St. Michaëlskerk

Uit de verbouwing van een gotische kruiskerk in de 15de eeuw ontstane hallenkerk van drie beuken, overdekt door houten tongewelven. In het schip bakstenen zuilen met lijstkapitelen; in het veelhoekig gesloten koor, dat door recht gesloten nevenkoren geflankeerd wordt, zuilen met bladkapitelen in trachiet. Aan de zuidzijde van het koor een sacristie, eerste kwart 16de eeuw, overdekt door ster- en netgewelven. Gerestaureerd 1927-1928; opnieuw in restauratie 1960-heden. Tot de inventaris behoren: een eikehouten preekstoel in renaissancevormen, eerste helft 17de eeuw, afkomstig uit de Nieuwe Kerk te Dordrecht; een natuurstenen gotische doopvont, 15de eeuw; een epitaaf voor R. Snellius van Royen, 1613.

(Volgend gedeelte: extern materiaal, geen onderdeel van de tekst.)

section \<open>Paths in the space of curves\<close>

lemma tendsto_at_within_if_offset_dominated:
  fixes f :: "real \<Rightarrow> real"
  assumes bound: "\<And>h. t + h \<in> S \<Longrightarrow> h \<noteq> 0 \<Longrightarrow> \<bar>f (t + h) - l\<bar> \<le> g h"
    and g: "(g \<longlongrightarrow> 0) (at 0 within {h. t + h \<in> S})"
  shows "(f \<longlongrightarrow> l) (at t within S)"
  unfolding tendsto_iff eventually_at
proof (intro allI impI)
  fix e :: real assume "e > 0"
  have "((\<lambda>h. f (t + h) - l) \<longlongrightarrow> 0) (at 0 within {h. t + h \<in> S})"
    by (rule Lim_null_comparison[OF _ g]) (auto simp: eventually_at_filter intro!: always_eventually bound)
  with \<open>e > 0\<close> obtain d where "d > 0"
    and d: "\<forall>x\<in>{h. t + h \<in> S}. x \<noteq> 0 \<and> dist x 0 < d \<longrightarrow> dist (f (t + x) - l) 0 < e"
    unfolding tendsto_iff eventually_at by blast
  have "dist (f y) l < e" if "y \<in> S" "y \<noteq> t \<and> dist y t < d" for y
    using d[rule_format, of "y - t"] that by (auto simp: dist_real_def)
  with \<open>d > 0\<close> show "\<exists>d>0. \<forall>y\<in>S. y \<noteq> t \<and> dist y t < d \<longrightarrow> dist (f y) l < e"
    by blast
qed

definition diff_quotient ::
    "(real \<Rightarrow> ('d::finite) curve) \<Rightarrow> (real \<Rightarrow> 'd curve) \<Rightarrow> real \<Rightarrow> real \<Rightarrow> 'd curve"
  where "diff_quotient \<gamma> \<gamma>' t h = (\<lambda>s. (1 / h) *\<^sub>R (\<gamma> (t + h) s - \<gamma> t s) - \<gamma>' t s)"

context
  fixes \<gamma> \<gamma>' :: "real \<Rightarrow> ('d::finite) curve"
  assumes path: "C1_path_A \<gamma> \<gamma>'"
begin

lemma C1_path_A_in_A: "t \<in> {0..1} \<Longrightarrow> in_A (\<gamma> t)"
  using path unfolding C1_path_A_def by blast

lemma C1_path_A_H2_regular: "t \<in> {0..1} \<Longrightarrow> H2_regular (\<gamma> t)"
  using C1_path_A_in_A in_A_imp_H2_regular by blast

lemma C1_path_A_H2_regular_derivative: "t \<in> {0..1} \<Longrightarrow> H2_regular (\<gamma>' t)"
  using path in_H2_imp_H2_regular unfolding C1_path_A_def by blast

lemma C1_path_A_diff_quotient_tendsto:
  "t \<in> {0..1} \<Longrightarrow>
    ((\<lambda>h. H2_norm (diff_quotient \<gamma> \<gamma>' t h)) \<longlongrightarrow> 0) (at 0 within {h. t + h \<in> {0..1}})"
  using path unfolding C1_path_A_def diff_quotient_def by blast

Orgel met Hoofdwerk, Bovenwerk en vrij Pedaal. in 1840 gemaakt door de firma Kam en Van der Meulen. De kast werd gemaakt door A. Meere in 1839 en verscheidene grafzerken uit de 15de, 16de en 17de eeuw. In de kerk houten frame met buiten gebruik gestelde klokken: elf klokken gemaakt door G. Both, 1599/1601, vier klokken van Noorden & De Grave en één klok van C. Fremy.

Toren

Bakstenen bouwwerk uit omstreeks 1300, bestaande uit vier geledingen, waarvan de onderste een doorgang bevat.

In de plattegrond rechthoekige toren is tegen de tweede en derde geleding verlevendigd door romaniserende lisenen en boogfriezen en tegen de klokkenverdieping door spitsboognissen met bakstenen traceringen.

Dwars zadeldak met wolfeinden; aan de oostzijde een uitgebouwde klokkenkoepeltje. Eikenhouten klokkenstoel, ca. 1400, met gelui van drie klokken, bestaande uit een klok van J. Moer, 1500, diam. 144 cm, en een klok van J. Waghevens, 1511, diam. 105,5 cm en een klok van W. van Wou, 1509, diam. 120 cm. In een dakruiter hangt een klok van een anonieme gieter uit de 14de eeuw, diam. ca. 56 cm. Mechanisch torenuurwerk, in 1965 voorzien van elektrische opwinding.

De toren is gerestaureerd in 1950 en volgende jaren.

Overige Informatie

Hallenkerk bestaande uit een driebeukig schip, een niet uitstekend transept en een driebeukige koorpartij, bestaande uit een polygonaal gesloten middenkoor en en twee rechtgesloten zijkoren. De kerk heeft haar huidige vorm in hoofdzaak in de 15de eeuw gekregen. De toren is ouder en kwam al in de 14de eeuw tot stand. Hij vertoont nog romaanse elementen. Meest opvallende kenmerk is het dwars geplaatste zadeldak met wolfeinden, een voor deze streken zeldzame torenbekroning. De kerk bevat weinig oud meubilair. De 17de eeuwse kansel komt van elders. Verder is er een epitaaf voor de wiskundige Rudolph Snellius (+ 1631), grondlegger van de driehoeksmeting.

Orgel

Het hoofdorgel (Rijksmonument) is in 1839-1840 gebouwd door de firma Kam & Van der Meulen (Rotterdam). In 1896 restaureert de firma Bakker & Timmenga (Leeuwarden) het. De firma J.C. Sanders & Zoon (Utrecht) vernieuwt in 1928 de Trompet 8′ van het manuaal en levert een nieuw pedaalklavier. In 1965 restaureert Bakker & Timmenga de windladen en de windvoorziening. In 1994-1995 wordt door hen een algehele restauratie uitgevoerd.

Koororgel

Het koororgel is in 1862 gebouwd door E. Wadsworth te Manchester voor de Methodist Church te St. Aubin, Jersey. In 1886 wijzigt Alfred Oldknow (Londen) de dispositie, maakt een nieuwe lade voor het Swell Organ en een nieuwe klaviatuur. In 2008 wordt het orgel door I. Boogaard (Rijssen) en C. van Butselaar (Oudewater) gerestaureerd en in Oudewater opgesteld.